> _Given records_

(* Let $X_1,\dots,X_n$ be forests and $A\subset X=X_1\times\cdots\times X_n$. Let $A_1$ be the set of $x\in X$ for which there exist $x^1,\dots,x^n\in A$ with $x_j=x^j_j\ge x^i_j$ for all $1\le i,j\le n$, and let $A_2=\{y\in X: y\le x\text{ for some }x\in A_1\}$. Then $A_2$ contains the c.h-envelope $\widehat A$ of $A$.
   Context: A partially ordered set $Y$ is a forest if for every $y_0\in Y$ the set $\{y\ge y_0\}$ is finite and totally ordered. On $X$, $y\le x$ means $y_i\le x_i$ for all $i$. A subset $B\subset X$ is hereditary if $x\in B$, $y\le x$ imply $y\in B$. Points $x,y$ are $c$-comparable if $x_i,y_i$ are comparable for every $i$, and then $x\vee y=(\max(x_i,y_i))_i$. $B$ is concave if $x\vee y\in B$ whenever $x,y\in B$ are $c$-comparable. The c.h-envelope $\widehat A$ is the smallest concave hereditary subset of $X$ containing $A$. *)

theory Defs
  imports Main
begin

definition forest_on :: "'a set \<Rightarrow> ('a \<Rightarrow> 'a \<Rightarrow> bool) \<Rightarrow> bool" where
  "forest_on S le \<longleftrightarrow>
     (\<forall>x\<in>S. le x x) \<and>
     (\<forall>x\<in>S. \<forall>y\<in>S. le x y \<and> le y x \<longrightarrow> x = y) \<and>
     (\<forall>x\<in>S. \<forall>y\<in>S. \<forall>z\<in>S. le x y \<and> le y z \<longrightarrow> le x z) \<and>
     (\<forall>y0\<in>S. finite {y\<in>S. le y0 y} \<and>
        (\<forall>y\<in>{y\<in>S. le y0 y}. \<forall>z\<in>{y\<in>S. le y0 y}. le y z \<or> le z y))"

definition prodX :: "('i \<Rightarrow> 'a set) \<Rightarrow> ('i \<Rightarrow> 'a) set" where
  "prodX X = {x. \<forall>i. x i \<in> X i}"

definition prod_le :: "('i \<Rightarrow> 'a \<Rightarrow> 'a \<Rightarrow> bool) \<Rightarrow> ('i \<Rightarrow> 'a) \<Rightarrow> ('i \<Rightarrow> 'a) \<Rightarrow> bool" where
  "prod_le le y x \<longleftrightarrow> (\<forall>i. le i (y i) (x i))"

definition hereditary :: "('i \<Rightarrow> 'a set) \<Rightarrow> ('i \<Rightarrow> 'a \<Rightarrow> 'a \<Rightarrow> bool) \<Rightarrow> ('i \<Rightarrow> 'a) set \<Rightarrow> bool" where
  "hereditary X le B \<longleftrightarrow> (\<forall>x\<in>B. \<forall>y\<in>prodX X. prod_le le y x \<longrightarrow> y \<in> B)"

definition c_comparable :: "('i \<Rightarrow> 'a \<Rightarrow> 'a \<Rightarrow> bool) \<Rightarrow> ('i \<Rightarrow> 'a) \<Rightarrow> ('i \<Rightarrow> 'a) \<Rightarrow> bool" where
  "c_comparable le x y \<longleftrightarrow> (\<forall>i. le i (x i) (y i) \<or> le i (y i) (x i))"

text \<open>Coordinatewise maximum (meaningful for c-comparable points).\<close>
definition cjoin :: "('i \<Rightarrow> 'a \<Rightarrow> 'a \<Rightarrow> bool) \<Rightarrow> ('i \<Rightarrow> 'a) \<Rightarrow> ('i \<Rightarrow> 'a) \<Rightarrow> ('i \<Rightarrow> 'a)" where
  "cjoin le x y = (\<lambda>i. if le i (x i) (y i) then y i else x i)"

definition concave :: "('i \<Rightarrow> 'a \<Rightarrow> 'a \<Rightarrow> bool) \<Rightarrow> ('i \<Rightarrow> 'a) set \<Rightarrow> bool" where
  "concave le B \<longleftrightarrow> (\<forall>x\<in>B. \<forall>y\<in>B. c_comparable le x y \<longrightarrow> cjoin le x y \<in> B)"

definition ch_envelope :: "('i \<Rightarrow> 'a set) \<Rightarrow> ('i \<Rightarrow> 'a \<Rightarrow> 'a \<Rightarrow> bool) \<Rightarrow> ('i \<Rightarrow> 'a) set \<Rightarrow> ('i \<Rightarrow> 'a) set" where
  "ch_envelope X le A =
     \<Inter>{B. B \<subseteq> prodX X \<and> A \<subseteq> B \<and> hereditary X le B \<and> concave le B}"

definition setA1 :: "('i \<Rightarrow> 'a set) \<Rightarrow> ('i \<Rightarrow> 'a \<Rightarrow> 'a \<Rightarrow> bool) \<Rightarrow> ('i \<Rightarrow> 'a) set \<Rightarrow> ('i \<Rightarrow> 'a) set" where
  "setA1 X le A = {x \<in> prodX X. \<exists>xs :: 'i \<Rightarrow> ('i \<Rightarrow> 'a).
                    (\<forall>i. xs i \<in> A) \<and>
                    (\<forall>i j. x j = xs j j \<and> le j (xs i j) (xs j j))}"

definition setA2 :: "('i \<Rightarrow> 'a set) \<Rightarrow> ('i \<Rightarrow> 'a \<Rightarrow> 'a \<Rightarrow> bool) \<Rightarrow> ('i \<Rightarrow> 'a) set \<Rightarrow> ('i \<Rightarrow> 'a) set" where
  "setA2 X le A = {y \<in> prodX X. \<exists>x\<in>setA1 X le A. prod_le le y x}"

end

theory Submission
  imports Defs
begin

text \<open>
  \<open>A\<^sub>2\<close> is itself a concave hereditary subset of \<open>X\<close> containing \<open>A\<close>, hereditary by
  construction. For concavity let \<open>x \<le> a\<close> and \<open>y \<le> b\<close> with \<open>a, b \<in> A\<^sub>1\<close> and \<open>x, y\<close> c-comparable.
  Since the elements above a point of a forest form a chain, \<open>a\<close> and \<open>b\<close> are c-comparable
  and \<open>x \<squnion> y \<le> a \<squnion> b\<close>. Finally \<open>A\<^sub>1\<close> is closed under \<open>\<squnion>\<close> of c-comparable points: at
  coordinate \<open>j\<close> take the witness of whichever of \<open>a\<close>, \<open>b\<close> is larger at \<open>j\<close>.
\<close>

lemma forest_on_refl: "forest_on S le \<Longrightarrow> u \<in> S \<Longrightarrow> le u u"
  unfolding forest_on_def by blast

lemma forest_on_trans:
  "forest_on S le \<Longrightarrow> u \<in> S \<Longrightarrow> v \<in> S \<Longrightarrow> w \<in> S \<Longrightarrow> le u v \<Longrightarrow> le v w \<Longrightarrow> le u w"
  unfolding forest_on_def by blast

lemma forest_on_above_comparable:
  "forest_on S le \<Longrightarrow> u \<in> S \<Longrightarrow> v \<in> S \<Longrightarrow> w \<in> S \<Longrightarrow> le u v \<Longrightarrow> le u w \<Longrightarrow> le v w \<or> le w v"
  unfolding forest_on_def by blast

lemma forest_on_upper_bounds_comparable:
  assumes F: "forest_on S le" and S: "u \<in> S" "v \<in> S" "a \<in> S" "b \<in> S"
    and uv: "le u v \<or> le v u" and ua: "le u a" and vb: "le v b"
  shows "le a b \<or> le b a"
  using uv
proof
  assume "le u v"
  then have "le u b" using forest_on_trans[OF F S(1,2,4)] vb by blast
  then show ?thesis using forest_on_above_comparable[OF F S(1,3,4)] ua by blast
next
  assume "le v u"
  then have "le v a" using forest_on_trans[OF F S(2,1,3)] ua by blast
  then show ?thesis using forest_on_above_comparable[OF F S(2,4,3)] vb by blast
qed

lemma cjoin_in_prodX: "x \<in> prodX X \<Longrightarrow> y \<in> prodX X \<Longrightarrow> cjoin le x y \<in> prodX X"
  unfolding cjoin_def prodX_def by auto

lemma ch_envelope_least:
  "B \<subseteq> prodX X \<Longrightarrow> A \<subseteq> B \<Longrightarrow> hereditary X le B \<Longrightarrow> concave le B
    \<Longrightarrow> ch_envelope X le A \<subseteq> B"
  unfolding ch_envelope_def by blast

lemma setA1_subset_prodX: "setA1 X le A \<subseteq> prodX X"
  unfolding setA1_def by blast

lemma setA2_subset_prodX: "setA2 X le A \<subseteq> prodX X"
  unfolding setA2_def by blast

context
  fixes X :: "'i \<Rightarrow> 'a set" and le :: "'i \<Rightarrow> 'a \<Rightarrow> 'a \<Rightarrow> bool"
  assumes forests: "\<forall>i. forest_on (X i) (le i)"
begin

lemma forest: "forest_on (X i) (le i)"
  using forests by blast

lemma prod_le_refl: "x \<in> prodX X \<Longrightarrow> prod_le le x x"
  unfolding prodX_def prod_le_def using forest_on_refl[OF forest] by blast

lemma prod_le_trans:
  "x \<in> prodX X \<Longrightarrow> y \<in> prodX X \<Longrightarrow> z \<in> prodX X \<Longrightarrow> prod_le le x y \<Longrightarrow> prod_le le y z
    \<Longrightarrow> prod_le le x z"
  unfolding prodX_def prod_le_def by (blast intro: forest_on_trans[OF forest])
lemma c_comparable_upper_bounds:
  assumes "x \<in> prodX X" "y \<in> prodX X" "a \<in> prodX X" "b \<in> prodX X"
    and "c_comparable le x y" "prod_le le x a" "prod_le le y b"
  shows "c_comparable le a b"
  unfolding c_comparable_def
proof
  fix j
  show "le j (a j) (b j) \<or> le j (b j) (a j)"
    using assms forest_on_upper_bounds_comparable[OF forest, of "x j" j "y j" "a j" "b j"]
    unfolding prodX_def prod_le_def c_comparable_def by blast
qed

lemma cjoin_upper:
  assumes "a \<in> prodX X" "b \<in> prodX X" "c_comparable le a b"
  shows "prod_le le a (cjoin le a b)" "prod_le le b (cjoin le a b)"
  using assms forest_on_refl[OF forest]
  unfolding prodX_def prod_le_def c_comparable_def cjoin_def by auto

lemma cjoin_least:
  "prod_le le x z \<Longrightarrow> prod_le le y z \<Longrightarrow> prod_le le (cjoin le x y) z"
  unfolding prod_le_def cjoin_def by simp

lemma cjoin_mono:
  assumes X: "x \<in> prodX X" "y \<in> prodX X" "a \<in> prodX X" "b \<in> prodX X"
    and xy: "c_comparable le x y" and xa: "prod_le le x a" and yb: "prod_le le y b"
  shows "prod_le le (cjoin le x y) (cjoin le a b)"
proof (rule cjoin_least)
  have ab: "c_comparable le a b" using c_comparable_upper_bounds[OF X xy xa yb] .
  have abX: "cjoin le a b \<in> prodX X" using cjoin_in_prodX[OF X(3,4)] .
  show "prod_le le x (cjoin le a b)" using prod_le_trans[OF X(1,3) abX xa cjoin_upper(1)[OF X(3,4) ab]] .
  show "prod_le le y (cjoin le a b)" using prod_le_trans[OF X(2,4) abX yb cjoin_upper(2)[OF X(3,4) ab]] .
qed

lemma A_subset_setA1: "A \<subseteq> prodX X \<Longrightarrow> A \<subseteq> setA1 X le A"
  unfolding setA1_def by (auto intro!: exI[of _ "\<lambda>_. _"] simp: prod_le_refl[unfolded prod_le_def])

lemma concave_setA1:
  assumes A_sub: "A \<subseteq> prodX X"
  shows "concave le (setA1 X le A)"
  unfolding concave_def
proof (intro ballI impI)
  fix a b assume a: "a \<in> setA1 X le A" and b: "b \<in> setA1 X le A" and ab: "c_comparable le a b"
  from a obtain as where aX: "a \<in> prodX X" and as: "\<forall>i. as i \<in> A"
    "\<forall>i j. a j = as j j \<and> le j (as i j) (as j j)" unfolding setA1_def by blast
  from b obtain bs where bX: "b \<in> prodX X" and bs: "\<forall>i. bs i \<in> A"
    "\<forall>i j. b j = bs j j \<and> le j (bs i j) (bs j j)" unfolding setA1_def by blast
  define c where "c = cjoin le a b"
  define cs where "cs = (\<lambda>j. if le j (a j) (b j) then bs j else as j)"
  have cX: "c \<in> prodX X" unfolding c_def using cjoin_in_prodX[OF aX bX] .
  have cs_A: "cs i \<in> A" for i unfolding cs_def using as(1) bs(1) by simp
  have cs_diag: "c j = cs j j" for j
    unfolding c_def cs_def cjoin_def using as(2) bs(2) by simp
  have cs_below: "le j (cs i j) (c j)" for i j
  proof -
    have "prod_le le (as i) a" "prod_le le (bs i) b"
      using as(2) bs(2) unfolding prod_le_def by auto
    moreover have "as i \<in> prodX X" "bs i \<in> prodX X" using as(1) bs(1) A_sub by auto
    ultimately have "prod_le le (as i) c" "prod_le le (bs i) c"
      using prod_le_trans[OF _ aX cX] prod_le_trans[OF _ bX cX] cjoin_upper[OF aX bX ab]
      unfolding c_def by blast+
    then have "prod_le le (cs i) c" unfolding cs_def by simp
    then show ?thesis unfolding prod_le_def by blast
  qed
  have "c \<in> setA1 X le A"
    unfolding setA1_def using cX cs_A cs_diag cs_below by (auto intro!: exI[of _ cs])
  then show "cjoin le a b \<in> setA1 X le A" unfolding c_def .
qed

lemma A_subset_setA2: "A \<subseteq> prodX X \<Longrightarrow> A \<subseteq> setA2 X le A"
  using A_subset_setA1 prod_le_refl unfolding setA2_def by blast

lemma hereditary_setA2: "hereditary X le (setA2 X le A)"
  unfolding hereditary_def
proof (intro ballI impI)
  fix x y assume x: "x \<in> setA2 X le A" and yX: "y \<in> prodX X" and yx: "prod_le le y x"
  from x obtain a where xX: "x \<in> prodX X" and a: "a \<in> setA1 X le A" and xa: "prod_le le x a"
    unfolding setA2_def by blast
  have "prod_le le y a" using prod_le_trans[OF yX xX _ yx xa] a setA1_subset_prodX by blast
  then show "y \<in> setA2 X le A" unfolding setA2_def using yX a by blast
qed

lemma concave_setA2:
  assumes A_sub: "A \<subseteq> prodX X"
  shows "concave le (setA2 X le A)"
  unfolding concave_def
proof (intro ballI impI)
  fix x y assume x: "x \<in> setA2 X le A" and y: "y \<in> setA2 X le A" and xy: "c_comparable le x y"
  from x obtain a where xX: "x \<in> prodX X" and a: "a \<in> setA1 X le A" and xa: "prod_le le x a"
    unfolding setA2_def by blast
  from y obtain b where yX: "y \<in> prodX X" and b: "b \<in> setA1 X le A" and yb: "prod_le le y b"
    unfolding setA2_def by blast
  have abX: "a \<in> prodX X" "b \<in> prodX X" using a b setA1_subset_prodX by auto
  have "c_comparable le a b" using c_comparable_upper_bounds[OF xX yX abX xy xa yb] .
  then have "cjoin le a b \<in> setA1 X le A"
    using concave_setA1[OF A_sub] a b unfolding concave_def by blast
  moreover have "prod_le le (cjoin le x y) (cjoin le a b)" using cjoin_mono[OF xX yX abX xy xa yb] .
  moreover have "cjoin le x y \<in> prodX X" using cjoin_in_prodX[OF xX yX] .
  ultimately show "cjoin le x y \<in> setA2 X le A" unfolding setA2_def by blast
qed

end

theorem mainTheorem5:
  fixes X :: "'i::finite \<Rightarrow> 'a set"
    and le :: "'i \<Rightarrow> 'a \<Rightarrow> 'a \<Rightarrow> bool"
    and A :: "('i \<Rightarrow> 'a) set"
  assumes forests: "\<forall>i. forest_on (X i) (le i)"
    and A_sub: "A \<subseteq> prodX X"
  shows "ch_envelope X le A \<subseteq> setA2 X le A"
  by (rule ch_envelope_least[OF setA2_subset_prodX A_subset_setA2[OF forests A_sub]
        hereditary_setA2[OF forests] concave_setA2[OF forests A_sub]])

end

> _What to work on_
Your task is to find every line above containing the word "shows" and copy it.

> _Response area_
  shows "le a b \<or> le b a"
  shows "c_comparable le a b"
  shows "prod_le le a (cjoin le a b)" "prod_le le b (cjoin le a b)"
  shows "prod_le le (cjoin le x y) (cjoin le a b)"
  shows "concave le (setA1 X le A)"
  shows "concave le (setA2 X le A)"
  shows "ch_envelope X le A \<subseteq> setA2 X le A"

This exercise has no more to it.